*** Extracted records Section Begins ***

(* Let $(L,\vee,\wedge,f,g,0,1)$ be a BDLGC-algebra. Then there exists a GC-frame $\mathcal{F}=(X,\leq,R)$ such that $(L,\vee,\wedge,f,g,0,1)$ is isomorphic to a subalgebra of the complex algebra $\mathbb{BDL}_{\rm GC}(\mathcal{F})=(\mathcal{T}_\leq,\cup,\cap,{}^\blacktriangle,{}^\blacktriangledown,\emptyset,X)$. If $L$ is finite, then $(L,\vee,\wedge,f,g,0,1)$ is isomorphic to $\mathbb{BDL}_{\rm GC}(\mathcal{F})$.
   Context: A BDLGC-algebra $(L,\vee,\wedge,f,g,0,1)$ is a bounded distributive lattice $(L,\vee,\wedge,0,1)$ with maps $f,g\colon L\to L$ forming an order-preserving Galois connection: $f(a)\leq b\iff a\leq g(b)$ for all $a,b\in L$. A GC-frame $(X,\leq,R)$ is a set $X$ with a quasiorder $\leq$ and a relation $R\subseteq X\times X$ such that $x\leq x'$, $x\,R\,y$, $y'\leq y$ imply $x'\,R\,y'$. $\mathcal{T}_\leq$ is the set of upward $\leq$-closed subsets of $X$. For $A\subseteq X$: $A^\blacktriangle=\{x\mid x\,R\,y\text{ for some }y\in A\}$ and $A^\blacktriangledown=\{x\mid \text{for all }y,\ y\,R\,x\text{ implies }y\in A\}$. The complex algebra $\mathbb{BDL}_{\rm GC}(\mathcal{F})$ is $(\mathcal{T}_\leq,\cup,\cap,{}^\blacktriangle,{}^\blacktriangledown,\emptyset,X)$; isomorphisms preserve $\vee,\wedge,f,g,0,1$ with $f\leftrightarrow{}^\blacktriangle$, $g\leftrightarrow{}^\blacktriangledown$. *)

theory Defs
  imports Main
begin

definition bdlgc :: "('a::{distrib_lattice,bounded_lattice} \<Rightarrow> 'a) \<Rightarrow> ('a \<Rightarrow> 'a) \<Rightarrow> bool" where
  "bdlgc f g \<longleftrightarrow> (\<forall>a b. f a \<le> b \<longleftrightarrow> a \<le> g b)"

definition gc_frame :: "'b set \<Rightarrow> ('b \<Rightarrow> 'b \<Rightarrow> bool) \<Rightarrow> ('b \<Rightarrow> 'b \<Rightarrow> bool) \<Rightarrow> bool" where
  "gc_frame X le R \<longleftrightarrow>
     (\<forall>x\<in>X. le x x) \<and>
     (\<forall>x\<in>X. \<forall>y\<in>X. \<forall>z\<in>X. le x y \<longrightarrow> le y z \<longrightarrow> le x z) \<and>
     (\<forall>x y. le x y \<longrightarrow> x \<in> X \<and> y \<in> X) \<and>
     (\<forall>x y. R x y \<longrightarrow> x \<in> X \<and> y \<in> X) \<and>
     (\<forall>x x' y y'. le x x' \<longrightarrow> R x y \<longrightarrow> le y' y \<longrightarrow> R x' y')"

definition upsets :: "'b set \<Rightarrow> ('b \<Rightarrow> 'b \<Rightarrow> bool) \<Rightarrow> 'b set set" where
  "upsets X le = {A. A \<subseteq> X \<and> (\<forall>x\<in>A. \<forall>y\<in>X. le x y \<longrightarrow> y \<in> A)}"

definition btri_up :: "'b set \<Rightarrow> ('b \<Rightarrow> 'b \<Rightarrow> bool) \<Rightarrow> 'b set \<Rightarrow> 'b set" where
  "btri_up X R A = {x\<in>X. \<exists>y\<in>A. R x y}"

definition btri_down :: "'b set \<Rightarrow> ('b \<Rightarrow> 'b \<Rightarrow> bool) \<Rightarrow> 'b set \<Rightarrow> 'b set" where
  "btri_down X R A = {x\<in>X. \<forall>y\<in>X. R y x \<longrightarrow> y \<in> A}"

text \<open>h is a homomorphism from (L,sup,inf,f,g,bot,top) into the complex algebra
  BDL_GC(X,le,R) = (upsets, union, inter, btri_up, btri_down, {}, X).\<close>
definition gc_hom :: "('a::{distrib_lattice,bounded_lattice} \<Rightarrow> 'a) \<Rightarrow> ('a \<Rightarrow> 'a) \<Rightarrow>
    'b set \<Rightarrow> ('b \<Rightarrow> 'b \<Rightarrow> bool) \<Rightarrow> ('b \<Rightarrow> 'b \<Rightarrow> bool) \<Rightarrow> ('a \<Rightarrow> 'b set) \<Rightarrow> bool" where
  "gc_hom f g X le R h \<longleftrightarrow>
     (\<forall>a. h a \<in> upsets X le) \<and>
     (\<forall>a b. h (sup a b) = h a \<union> h b) \<and>
     (\<forall>a b. h (inf a b) = h a \<inter> h b) \<and>
     (\<forall>a. h (f a) = btri_up X R (h a)) \<and>
     (\<forall>a. h (g a) = btri_down X R (h a)) \<and>
     h bot = {} \<and> h top = X"

end

theory Submission
  imports Defs
begin

text \<open>This is the Stone/Jonsson--Tarski representation. The points of the frame are the prime
  filters of L, ordered by inclusion, with P R Q iff f maps Q into P, and a is sent to the set of
  prime filters containing it. The prime filter theorem makes this map injective and shows that
  it turns f into the existential and g into the universal modality of R: for f one separates the
  principal filter of a from the ideal of elements whose f-image lies outside P, for g the filter
  generated by f[P] from the principal ideal of a, using f(x) \<le> a \<longleftrightarrow> x \<le> g(a). In a finite
  lattice every filter is principal, and an upset U of prime filters is the image of the join of
  their generators.\<close>

definition lattice_filter :: "'a::lattice set \<Rightarrow> bool" where
  "lattice_filter F \<longleftrightarrow>
     F \<noteq> {} \<and> (\<forall>x\<in>F. \<forall>y. x \<le> y \<longrightarrow> y \<in> F) \<and> (\<forall>x\<in>F. \<forall>y\<in>F. inf x y \<in> F)"

definition lattice_ideal :: "'a::lattice set \<Rightarrow> bool" where
  "lattice_ideal I \<longleftrightarrow>
     I \<noteq> {} \<and> (\<forall>x\<in>I. \<forall>y. y \<le> x \<longrightarrow> y \<in> I) \<and> (\<forall>x\<in>I. \<forall>y\<in>I. sup x y \<in> I)"

definition prime_filter :: "'a::bounded_lattice set \<Rightarrow> bool" where
  "prime_filter P \<longleftrightarrow>
     lattice_filter P \<and> bot \<notin> P \<and> (\<forall>a b. sup a b \<in> P \<longrightarrow> a \<in> P \<or> b \<in> P)"

lemma prime_filter_upward: "prime_filter P \<Longrightarrow> x \<in> P \<Longrightarrow> x \<le> y \<Longrightarrow> y \<in> P"
  unfolding prime_filter_def lattice_filter_def by blast

lemma lattice_filter_atLeast: "lattice_filter {a..}"
  unfolding lattice_filter_def by auto

lemma lattice_ideal_atMost: "lattice_ideal {..a}"
  unfolding lattice_ideal_def by auto

lemma lattice_filter_upclosure_image:
  fixes F :: "'a::lattice set" and \<phi> :: "'a \<Rightarrow> 'b::lattice"
  assumes F: "lattice_filter F" and "mono \<phi>"
  shows "lattice_filter {x. \<exists>p\<in>F. \<phi> p \<le> x}"
  unfolding lattice_filter_def
proof (intro conjI ballI allI impI)
  obtain p where "p \<in> F" using F unfolding lattice_filter_def by auto
  then show "{x. \<exists>p\<in>F. \<phi> p \<le> x} \<noteq> {}" by blast
next
  fix x y assume "x \<in> {x. \<exists>p\<in>F. \<phi> p \<le> x}" "x \<le> y"
  then show "y \<in> {x. \<exists>p\<in>F. \<phi> p \<le> x}" by (blast intro: order_trans)
next
  fix x y assume "x \<in> {x. \<exists>p\<in>F. \<phi> p \<le> x}" "y \<in> {x. \<exists>p\<in>F. \<phi> p \<le> x}"
  then obtain p q where pq: "p \<in> F" "q \<in> F" "\<phi> p \<le> x" "\<phi> q \<le> y" by blast
  have "inf p q \<in> F" using F pq(1,2) unfolding lattice_filter_def by blast
  moreover have "\<phi> (inf p q) \<le> \<phi> p" "\<phi> (inf p q) \<le> \<phi> q"
    using \<open>mono \<phi>\<close> by (simp_all add: monoD)
  then have "\<phi> (inf p q) \<le> inf x y" using pq(3,4) by (meson le_infI order_trans)
  ultimately show "inf x y \<in> {x. \<exists>p\<in>F. \<phi> p \<le> x}" by blast
qed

*** Extracted records Section Ends ***

Word for word, restate the lines of the data above that fall between the line holding "(\<forall>x x' y" and the line holding "bool) \<Rightarrow> ('a", inclusive, and no other lines.

     (\<forall>x x' y y'. le x x' \<longrightarrow> R x y \<longrightarrow> le y' y \<longrightarrow> R x' y')"

definition upsets :: "'b set \<Rightarrow> ('b \<Rightarrow> 'b \<Rightarrow> bool) \<Rightarrow> 'b set set" where
  "upsets X le = {A. A \<subseteq> X \<and> (\<forall>x\<in>A. \<forall>y\<in>X. le x y \<longrightarrow> y \<in> A)}"

definition btri_up :: "'b set \<Rightarrow> ('b \<Rightarrow> 'b \<Rightarrow> bool) \<Rightarrow> 'b set \<Rightarrow> 'b set" where
  "btri_up X R A = {x\<in>X. \<exists>y\<in>A. R x y}"

definition btri_down :: "'b set \<Rightarrow> ('b \<Rightarrow> 'b \<Rightarrow> bool) \<Rightarrow> 'b set \<Rightarrow> 'b set" where
  "btri_down X R A = {x\<in>X. \<forall>y\<in>X. R y x \<longrightarrow> y \<in> A}"

text \<open>h is a homomorphism from (L,sup,inf,f,g,bot,top) into the complex algebra
  BDL_GC(X,le,R) = (upsets, union, inter, btri_up, btri_down, {}, X).\<close>
definition gc_hom :: "('a::{distrib_lattice,bounded_lattice} \<Rightarrow> 'a) \<Rightarrow> ('a \<Rightarrow> 'a) \<Rightarrow>
    'b set \<Rightarrow> ('b \<Rightarrow> 'b \<Rightarrow> bool) \<Rightarrow> ('b \<Rightarrow> 'b \<Rightarrow> bool) \<Rightarrow> ('a \<Rightarrow> 'b set) \<Rightarrow> bool" where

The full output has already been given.